[Stored data]

(* There is an absolute constant $C>0$ such that the following holds. Let $R>0$, let $\{\xi_k\}$ be a finite set of points of $\mathbb{R}^2$ lying on the circle $\{\xi\in\mathbb{R}^2:\ \|\xi\|=R\}$, and let $$M:=\sup_j \#\{k:\ \|\xi_k-\xi_j\|\le R^{1/2}\}.$$ Then for every choice of complex coefficients $\{a_k\}$, $$\sup_{Q}\left(\int_{Q}\Big|\sum_k a_k e^{2\pi i\,\xi_k\cdot x}\Big|^4\,dx\right)^{1/4}\le C\,M^{1/2}\Big(\sum_k |a_k|^2\Big)^{1/2},$$ where the supremum is taken over all squares $Q\subset\mathbb{R}^2$ of Lebesgue measure $1$ and $dx$ is Lebesgue measure. In particular $C$ does not depend on $R$, on the points $\xi_k$, or on the coefficients. *)

theory Defs
  imports "HOL-Analysis.Analysis"
begin

definition unit_square :: "(real^2) set \<Rightarrow> bool" where
  "unit_square Q \<longleftrightarrow> (\<exists>c u v :: real^2. norm u = 1 \<and> norm v = 1 \<and> u \<bullet> v = 0 \<and>
      Q = {c + s *\<^sub>R u + t *\<^sub>R v | s t. s \<in> {0..1} \<and> t \<in> {0..1}})"

definition cap_mult :: "real \<Rightarrow> (real^2) set \<Rightarrow> nat" where
  "cap_mult R S = Max ((\<lambda>\<eta>. card {\<xi>\<in>S. dist \<xi> \<eta> \<le> sqrt R}) ` S)"

definition exp_sum :: "(real^2) set \<Rightarrow> (real^2 \<Rightarrow> complex) \<Rightarrow> real^2 \<Rightarrow> complex" where
  "exp_sum S a x = (\<Sum>\<xi>\<in>S. a \<xi> * cis (2 * pi * (\<xi> \<bullet> x)))"

end

theory Submission
  imports Defs
begin

(*
  A tensor product W of tent functions of half-width 4, centred at a corner of the square Q,
  is at least 4 on Q, and its Fourier transform is bounded by the kernel
  K(zeta) = prod_b 64 / (1 + zeta_b^2). Since |F|^4 = |F^2|^2 and F^2 is an exponential sum over
  the pair sums xi_j + xi_k, the integral of W |F|^4 is at most a double sum over pairs of pairs
  weighted by K at the difference of their pair sums. Grouping the pair sums into unit lattice
  cells, K is summable over the cells, so only pairs of pairs whose sums are within distance 2
  matter. Pair sums near the origin contribute O(M sum |a_k|^2)^2. If xi_j + xi_k is farther
  than sqrt R from the origin and xi_l + xi_m is within 2 of it, then, writing both pairs as
  midpoint plus half-difference, xi_l lies within sqrt (10 R) + 1 of xi_j or of xi_k; a disc of
  radius O(sqrt R) contains O(M) points of the circle (cover it by cells of diameter sqrt R),
  so each pair is close to O(M^2) others.
*)

section \<open>Tent weights and their Fourier transforms\<close>

lemma integral_lborel_prod_Basis:
  fixes f :: "'a::euclidean_space \<Rightarrow> real \<Rightarrow> complex"
  assumes int: "\<And>b. b \<in> Basis \<Longrightarrow> integrable lborel (f b)"
  shows "(\<integral>x. (\<Prod>b\<in>Basis. f b (x \<bullet> b)) \<partial>(lborel::'a measure)) = (\<Prod>b\<in>Basis. (\<integral>t. f b t \<partial>lborel))"
proof -
  interpret P: product_sigma_finite "\<lambda>b::'a. (lborel::real measure)"
    by standard
  have meas: "\<And>b. b \<in> Basis \<Longrightarrow> f b \<in> borel_measurable borel"
    using borel_measurable_integrable[OF int] by simp
  have "(\<integral>x. (\<Prod>b\<in>Basis. f b (x \<bullet> b)) \<partial>(lborel::'a measure))
      = (\<integral>g. (\<Prod>b\<in>Basis. f b ((\<Sum>b'\<in>Basis. g b' *\<^sub>R b') \<bullet> b)) \<partial>(\<Pi>\<^sub>M b\<in>Basis. lborel))"
    by (subst lborel_eq, rule integral_distr)
       (measurable, rule measurable_compose[OF _ meas], auto)
  also have "\<dots> = (\<integral>g. (\<Prod>b\<in>Basis. f b (g b)) \<partial>(\<Pi>\<^sub>M b\<in>Basis. lborel))"
    by (intro Bochner_Integration.integral_cong refl prod.cong)
       (simp add: inner_sum_left inner_Basis if_distrib cong: if_cong)
  also have "\<dots> = (\<Prod>b\<in>Basis. (\<integral>t. f b t \<partial>lborel))"
    by (rule P.product_integral_prod) (auto intro: int)
  finally show ?thesis .
qed

lemma integrable_lborel_vanishing_outside_compact:
  fixes f :: "'a::euclidean_space \<Rightarrow> 'b::{banach, second_countable_topology}"
  assumes "compact K" "continuous_on UNIV f" "\<And>x. x \<notin> K \<Longrightarrow> f x = 0"
  shows "integrable lborel f"
proof -
  have "f = (\<lambda>x. indicator K x *\<^sub>R f x)"
    using assms(3) by (auto simp: fun_eq_iff indicator_def)
  moreover have "integrable lborel (\<lambda>x. indicator K x *\<^sub>R f x)"
    by (rule borel_integrable_compact[OF assms(1)]) (rule continuous_on_subset[OF assms(2)], auto)
  ultimately show ?thesis by simp
qed

lemma cis_sum: "finite A \<Longrightarrow> cis (\<Sum>i\<in>A. f i) = (\<Prod>i\<in>A. cis (f i))"
  by (induction A rule: finite_induct) (auto simp: cis_mult[symmetric])

lemma linear_times_exp_antiderivative:
  fixes b s z :: complex
  assumes "b \<noteq> 0"
  shows "((\<lambda>z. - \<i> / b * ((4 + s*z) * exp (\<i>*b*z)) + s / b^2 * exp (\<i>*b*z))
     has_field_derivative ((4 + s*z) * exp (\<i>*b*z))) (at z)"
  using assms by (auto intro!: derivative_eq_intros simp: field_simps power2_eq_square)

--- Work order ---
Filter the records down to the lines that contain the string "cells", and copy those lines.

--- Reply to the exercise ---
  cells, K is summable over the cells, so only pairs of pairs whose sums are within distance 2
  radius O(sqrt R) contains O(M) points of the circle (cover it by cells of diameter sqrt R),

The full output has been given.